I am hitting the same issue after introducing risk_loading_pipeline/RiskModelExposure into my algorithm, and have the same questions as Josh (why am I getting this error, and why are ETFs being considered when using Q1500US)...

To get rid of the error try adding dropna() to risk_loading_pipeline by changing the code from:

constrain_sector_style_risk = opt.experimental.RiskModelExposure(
context.risk_loading_pipeline,
version=0,
)

By changing to this:

constrain_sector_style_risk = opt.experimental.RiskModelExposure(
context.risk_loading_pipeline.dropna(),
version=0,
)

Thanks Indigo,

This is what the current tutorial code should look like to avoid throwing the error in the event anyone with even less programming experience then myself searches for this:

factor_risk_constraints = opt.experimental.RiskModelExposure(
context.risk_factor_betas.dropna(),
version=opt.Newest
)

Might be worth adding that to the tutorial until the risk model is a little more stable. I'm still curious why etfs are showing up in QTradableStocksUS and Q1500US?
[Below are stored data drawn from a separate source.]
lemma mixture_split_finite:
  assumes w_nonneg: "\<And>y. y \<in> Y \<Longrightarrow> 0 \<le> w y" and w_sum: "(w has_sum 1) Y"
    and v_prob: "\<And>y. y \<in> Y \<Longrightarrow> prob_vec (map (v y) [0..<N])"
    and A: "finite A" "A \<subseteq> Y"
  obtains t where "prob_vec (map t [0..<N])"
    and "\<And>j. j < N \<Longrightarrow> mixture w Y v j = (1 - sum w A) * t j + (\<Sum>y\<in>A. w y * v y j)"
proof -
  have w_tail: "(w has_sum (1 - sum w A)) (Y - A)"
    using has_sum_Diff[OF w_sum has_sum_finite[OF A(1)] A(2)] .
  then have tail_summable: "w summable_on (Y - A)"
    by (auto simp: summable_on_def)
  have tail_v_prob: "\<And>y. y \<in> Y - A \<Longrightarrow> prob_vec (map (v y) [0..<N])"
    using v_prob by blast
  have split: "mixture w Y v j = (\<Sum>y\<in>A. w y * v y j) + mixture w (Y - A) v j" if "j < N" for j
  proof -
    have "((\<lambda>y. w y * v y j) has_sum mixture w Y v j) Y"
      using w_nonneg w_sum v_prob that by (intro has_sum_mixture) (auto simp: summable_on_def)
    from has_sum_Diff[OF this has_sum_finite[OF A(1)] A(2)]
    have "mixture w (Y - A) v j = mixture w Y v j - (\<Sum>y\<in>A. w y * v y j)"
      unfolding mixture_def by (simp add: infsumI)
    then show ?thesis
      by simp
  qed
  have tail_nonneg: "\<And>j. j < N \<Longrightarrow> 0 \<le> mixture w (Y - A) v j"
    using w_nonneg tail_summable tail_v_prob by (intro mixture_nonneg) auto
  have tail_total: "(\<Sum>j<N. mixture w (Y - A) v j) = 1 - sum w A"
    using w_nonneg tail_summable tail_v_prob w_tail by (subst sum_mixture) (auto simp: infsumI)
  show ?thesis
  proof (cases "sum w A = 1")
    case True
    then have "mixture w (Y - A) v j = 0" if "j < N" for j
      using tail_nonneg tail_total that sum_nonneg_eq_0_iff[of "{..<N}"] by auto
    then show ?thesis
      using that[of "mixture w Y v"] prob_vec_mixture[OF w_nonneg w_sum v_prob] split True
      by simp
  next
    case False
    define t where "t j = mixture w (Y - A) v j / (1 - sum w A)" for j
    have "prob_vec (map t [0..<N])"
      using tail_nonneg tail_total False has_sum_nonneg[OF w_tail] w_nonneg
      by (auto simp: prob_vec_map_upt t_def sum_divide_distrib[symmetric])
    then show ?thesis
      using that[of t] split False by (simp add: t_def)
  qed
qed

(* F need not be continuous, so the tail of the mixture beyond a finite set is controlled only
   through the bound on |F|; it vanishes in the limit. *)
lemma concave_ent_jensen_finite_subset:
  assumes conc: "concave_ent F" and bound: "\<And>xs. prob_vec xs \<Longrightarrow> \<bar>F xs\<bar> \<le> B"
    and w_nonneg: "\<And>y. y \<in> Y \<Longrightarrow> 0 \<le> w y" and w_sum: "(w has_sum 1) Y"
    and v_prob: "\<And>y. y \<in> Y \<Longrightarrow> prob_vec (map (v y) [0..<N])"
    and A: "finite A" "A \<subseteq> Y"
  shows "(\<Sum>y\<in>A. w y * F (map (v y) [0..<N]))
      \<le> F (map (mixture w Y v) [0..<N]) + (1 - sum w A) * B"
proof -
  obtain t where t: "prob_vec (map t [0..<N])"
    "\<And>j. j < N \<Longrightarrow> mixture w Y v j = (1 - sum w A) * t j + (\<Sum>y\<in>A. w y * v y j)"
    using mixture_split_finite[of Y w v N A] w_nonneg w_sum v_prob A by blast
  have T: "sum w A \<le> 1"
    using w_nonneg by (intro finite_sum_le_has_sum[OF w_sum A]) auto
  have "(1 - sum w A) * F (map t [0..<N]) + (\<Sum>y\<in>A. w y * F (map (v y) [0..<N]))
      \<le> F (map (\<lambda>j. (1 - sum w A) * t j + (\<Sum>y\<in>A. w y * v y j)) [0..<N])"
    using T t(1) w_nonneg v_prob A by (intro concave_ent_jensen_finite[OF conc]) auto
  also have "map (\<lambda>j. (1 - sum w A) * t j + (\<Sum>y\<in>A. w y * v y j)) [0..<N]
      = map (mixture w Y v) [0..<N]"
    using t(2) by simp
  finally have jensen: "(1 - sum w A) * F (map t [0..<N]) + (\<Sum>y\<in>A. w y * F (map (v y) [0..<N]))
      \<le> F (map (mixture w Y v) [0..<N])" .
  have "(1 - sum w A) * - B \<le> (1 - sum w A) * F (map t [0..<N])"
    using bound[OF t(1)] T by (intro mult_left_mono) auto
  with jensen show ?thesis
    by (simp add: algebra_simps)
qed

theorem concave_ent_jensen_infsum:
  assumes conc: "concave_ent F" and bound: "\<And>xs. prob_vec xs \<Longrightarrow> \<bar>F xs\<bar> \<le> B"
    and w_nonneg: "\<And>y. y \<in> Y \<Longrightarrow> 0 \<le> w y" and w_sum: "(w has_sum 1) Y"
    and v_prob: "\<And>y. y \<in> Y \<Longrightarrow> prob_vec (map (v y) [0..<N])"
  shows "(\<Sum>\<^sub>\<infinity>y\<in>Y. w y * F (map (v y) [0..<N])) \<le> F (map (mixture w Y v) [0..<N])"
proof -
  define g where "g = (\<lambda>y. w y * F (map (v y) [0..<N]))"
  define r where "r = F (map (mixture w Y v) [0..<N])"
  have "(\<lambda>y. norm (g y)) summable_on Y"
  proof (rule summable_on_comparison_test)
    show "(\<lambda>y. w y * B) summable_on Y"
      using w_sum by (intro summable_on_cmult_left) (auto simp: summable_on_def)
    fix y assume "y \<in> Y"
    have "norm (g y) = w y * \<bar>F (map (v y) [0..<N])\<bar>"
      using w_nonneg[OF \<open>y \<in> Y\<close>] by (simp add: g_def abs_mult)
    also have "\<dots> \<le> w y * B"
      using bound[OF v_prob[OF \<open>y \<in> Y\<close>]] w_nonneg[OF \<open>y \<in> Y\<close>] by (rule mult_left_mono)
    finally show "norm (g y) \<le> w y * B" .
  qed simp
  then have "(sum g \<longlongrightarrow> infsum g Y) (finite_subsets_at_top Y)"
    using abs_summable_summable has_sum_def has_sum_infsum by blast
  moreover have "((\<lambda>A. r + (1 - sum w A) * B) \<longlongrightarrow> r + (1 - 1) * B) (finite_subsets_at_top Y)"
    using w_sum unfolding has_sum_def by (intro tendsto_intros)
  moreover have "\<forall>\<^sub>F A in finite_subsets_at_top Y. sum g A \<le> r + (1 - sum w A) * B"
    unfolding g_def r_def using concave_ent_jensen_finite_subset[OF conc bound w_nonneg w_sum v_prob]
    by (intro eventually_finite_subsets_at_top_weakI) auto
  ultimately have "infsum g Y \<le> r + (1 - 1) * B"
    by (intro tendsto_le[OF finite_subsets_at_top_neq_bot])
  then show ?thesis
    by (simp add: g_def r_def)
qed

subsection \<open>Decreasing rearrangements\<close>

lemma sum_list_take_insort_key_uminus:
  fixes x :: real
  shows "x + sum_list (take l xs) \<le> sum_list (take (Suc l) (insort_key uminus x xs))"
proof (induction xs arbitrary: l)
  case (Cons y ys)
  show ?case
  proof (cases "y \<le> x")
    case False
    then show ?thesis
      using Cons[of "l - 1"] by (cases l) auto
  qed simp
qed simp

lemma sum_list_take_le_sort_key_uminus:
  fixes xs :: "real list"
  shows "sum_list (take l xs) \<le> sum_list (take l (sort_key uminus xs))"
proof (induction xs arbitrary: l)
  case (Cons x xs)
  show ?case
  proof (cases l)
    case (Suc l')
    have "sum_list (take l (x # xs)) \<le> x + sum_list (take l' (sort_key uminus xs))"
      using Suc Cons[of l'] by simp
    also have "\<dots> \<le> sum_list (take l (sort_key uminus (x # xs)))"
      using Suc sum_list_take_insort_key_uminus by simp
    finally show ?thesis .
  qed simp
qed simp

lemma sort_key_uminus_nth_antimono:
  fixes xs :: "real list"
  assumes "i \<le> j" and "j < length xs"
  shows "sort_key uminus xs ! j \<le> sort_key uminus xs ! i"
proof -
  have "sorted (map uminus (sort_key uminus xs))"
    by (rule sorted_sort_key)
  then have "map uminus (sort_key uminus xs) ! i \<le> map uminus (sort_key uminus xs) ! j"
    using assms by (intro sorted_nth_mono) auto
  then show ?thesis
    using assms by simp
qed

lemma sort_key_uminus_nth_eq_0:
  fixes xs :: "real list"
  assumes nonneg: "\<forall>x\<in>set xs. 0 \<le> x" and few_pos: "length (filter ((<) 0) xs) \<le> k"
    and "k \<le> j" and "j < length xs"
  shows "sort_key uminus xs ! j = 0"
proof (rule ccontr)
  let ?d = "sort_key uminus xs"
  assume "?d ! j \<noteq> 0"
  moreover have "?d ! j \<in> set xs"
    using \<open>j < length xs\<close> by (metis length_sort nth_mem set_sort)
  ultimately have pos: "0 < ?d ! j"
    using nonneg by force
  have "0 < x" if x: "x \<in> set (take (Suc j) ?d)" for x
  proof -
    obtain i where "i < length (take (Suc j) ?d)" "take (Suc j) ?d ! i = x"
      using x by (auto simp: in_set_conv_nth)
    then have "i \<le> j" "x = ?d ! i"
      by auto
    then show ?thesis
      using sort_key_uminus_nth_antimono[of i j xs] pos \<open>j < length xs\<close> by simp
  qed
  then have "Suc j = length (filter ((<) 0) (take (Suc j) ?d))"
    using \<open>j < length xs\<close> by simp
  also have "\<dots> \<le> length (filter ((<) 0) ?d)"
    by (metis append_take_drop_id filter_append length_append le_add1)
  also have "\<dots> = length (filter ((<) 0) xs)"
    by (metis filter_sort length_sort)
  finally show False
    using few_pos \<open>k \<le> j\<close> by simp
qed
Thanks Indigo Monkey very helpful. Again, it is curious ETFs are showing up in the QTradableStocksUS universe. In my case HYG. My argument has always been from the asset allocation side and the inclusion of Bonds makes perfect sense from that point of view. Nonetheless, what other asset class ETFs are hidden away in that universe? Gold? Crude?